Books
Deborah Levy’s Real Estate

Real Estate
(Bloomsbury Publishing, 2021)
How unusual to ponder the possible advantages of relinquishing real property for the protracted existence of rootless tenancy, an eclipsed legacy to leave for one’s children, and the mere act of dreaming about home rather than owning it. What kind of “feminist” would rather be labeled, according to real estate terminology, as “chattel real,” rather than flipping that metaphor literally to “lord of the land?” With all the privileges and advantages real estate offers for wealth building, why just daydream about it if one has book advances and award money to buy a little security?

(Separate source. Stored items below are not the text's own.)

theorem corollary1:
  fixes eps :: real and m r :: "nat \<Rightarrow> nat"
  assumes "0 < eps" and "eps < 1/2"
    and "\<And>i. 0 < m i" and "\<And>i. 0 < r i" and "\<And>i. r i \<le> m i"
    and "filterlim m at_top sequentially"
    and "limsup (\<lambda>i. ereal (real (binom_le (m i) (r i)) / 2 ^ m i)) < ereal (1 - bin_entropy eps)"
  shows "\<exists>c>0. eventually (\<lambda>i. P_e (m i) (r i) eps < 1/2 - c) sequentially"
proof -
  let ?rate = "\<lambda>i. real (binom_le (m i) (r i)) / 2 ^ m i"
  have "eps < 1"
    using assms(2) by simp
  obtain d where d: "limsup (\<lambda>i. ereal (?rate i)) < ereal d" "d < 1 - bin_entropy eps"
    using ereal_dense2[OF assms(7)] by auto
  have "eventually (\<lambda>i. ?rate i < d) sequentially"
    using Limsup_lessD[OF d(1)] by simp
  then have "eventually (\<lambda>i. P_e (m i) (r i) eps < 1/2 - (1 - bin_entropy eps - d) / 2) sequentially"
  proof (rule eventually_mono)
    fix i assume "?rate i < d"
    have "P_e (m i) (r i) eps \<le> (?rate i + bin_entropy eps) / 2"
      by (rule P_e_le[OF assms(1) \<open>eps < 1\<close>])
    also have "\<dots> < (d + bin_entropy eps) / 2"
      using \<open>?rate i < d\<close> by (intro divide_strict_right_mono add_strict_right_mono) auto
    also have "\<dots> = 1/2 - (1 - bin_entropy eps - d) / 2"
      by (simp add: field_simps)
    finally show "P_e (m i) (r i) eps < 1/2 - (1 - bin_entropy eps - d) / 2" .
  qed
  then show ?thesis
    using d(2) by (intro exI[of _ "(1 - bin_entropy eps - d) / 2"]) simp
qed

end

These are questions inevitably raised, but not resolved, in Deborah Levy’s third book in a contemplative memoir series, Real Estate. Her provocative installment explores what it means to be a woman writer who chooses the life of the mind instead of the life of a mortgage and the goal of reconveyance, the step toward freehold estate upon rich soil bequeathed in perpetuity (so long as tax obligations are met.) She longs for such privilege, though not without question. Yet she accepts her choice of literary estate versus real property portfolio. Sketched within the legacy of Virginia Woolf, Georgia O’Keeffe, James Baldwin, Marguerite Duras, Simone de Beauvoir, Levy pays homage to these historically enshrined authors/artists who selected literary legacies (or in Baldwin’s case, never had the option) over the more common aspiration for assured real property. Her writing deserves a place in history as significant as these above-mentioned authors. But some of them have had both real property and a literary legacy. They were never handed that deck of cards where a choice between the luxury of home ownership or literary freedom existed. They had both.
For an author-mother, this choice (or is it a choice?) holds far more risk than what rests on the surface of her eloquent and thoughtful prose. Levy is one of the small percentage of writers who possess literary royalties to bequeath to her daughters. Virginia Woolf, furthermore, had property with which she need not worry about the consequences. Her dilemmas were many, but certainly not real property and financial security. Of course, like Levy, Woolf wrote about the trauma of a woman writer gaining access to a room of one’s own and the mere space and validation to write and be considered a writer of ambition. Ambition: that filthy word, historically, for a woman writer to use, or any woman who conveys substantial goals. Levy interrogates these subjects at the moment she divorces her husband, her youngest daughter leaves her nest, and she relinquishes a stable home life for the peripatetic journey of travel and a most prestigious writer’s fellowship at Columbia University’s Institute for Ideas and Imagination—all at the turn of her 60th year on earth. Guts, no doubt.
Born in South Africa (now living in London) and growing up with a strong sense of justice she attained through her South African father—a member of the anti-Apartheid African National Congress—Levy migrates toward philosophical filmmakers such as Derek Jarman, and the ambiguities of modernist writers as political thinkers. A playwright and a prose writer, she rose to fame later in life, but never “commercial” fame. She has attained a Lannan Literary Fellowship and a Prix Femina étranger; she has been shortlisted for the Man Booker Prize and many more accolades (what serious writer doesn’t dream of such “unreal” capital?). A prolific novelist and playwright for the Royal Shakespeare Company, she certainly has an enviable legacy that could make her intellectual property rival another stable but unsatisfied job holder or owner of personal real property. A person of influence, Levy’s is a legacy about which many can only fantasize.
Aware of her literary power and success, despite the steep climb and obstacles not faced by her male counterparts, she has (sort of) made peace with her literary unreal estate. A prolific and promiscuous reader, she dubs her body of writing as her version of real estate, in which many authors would find comfort. She also thinks of her book collection as real property (not chattel). Levy returns to a known thinker about home and the psychological value of space in one’s life; she repeatedly cites Gaston Bachelard. In The Poetics of Space (1958), he reminds: “If I were asked to name the chief benefit of the house, I should say: the house shelters daydreaming … the house allows one to dream in peace.” Levy is aware of the pain of not having that home of her own in which to dream. She aches:
It was not lost on me that quite a few middle-class people my age had paid off their mortgages and owned at least one house elsewhere. I’d go to dinner parties and someone would announce they were leaving the next day for their pile in France or Italy—or, and this was one that hurt most, they were off to write in a magical modernist pavilion specially built for them in the English countryside. Meanwhile, I was returning to the grim Corridors of Love, which still has not been repaired.
Deborah Levy possesses a sense of wavering some might render a trick or obsession with philosophical ambivalence. A spattering of contemporary writers abscond with such mimicry. Levy offers an honesty, which necessitates the modernist or post-World War II/post-Vietnam War style of ambiguity, rather than using the form as a gimmick. She takes the more noble route. Such is the hand of cards her generation of writers has been dealt. Her style takes its own form of real proper roots.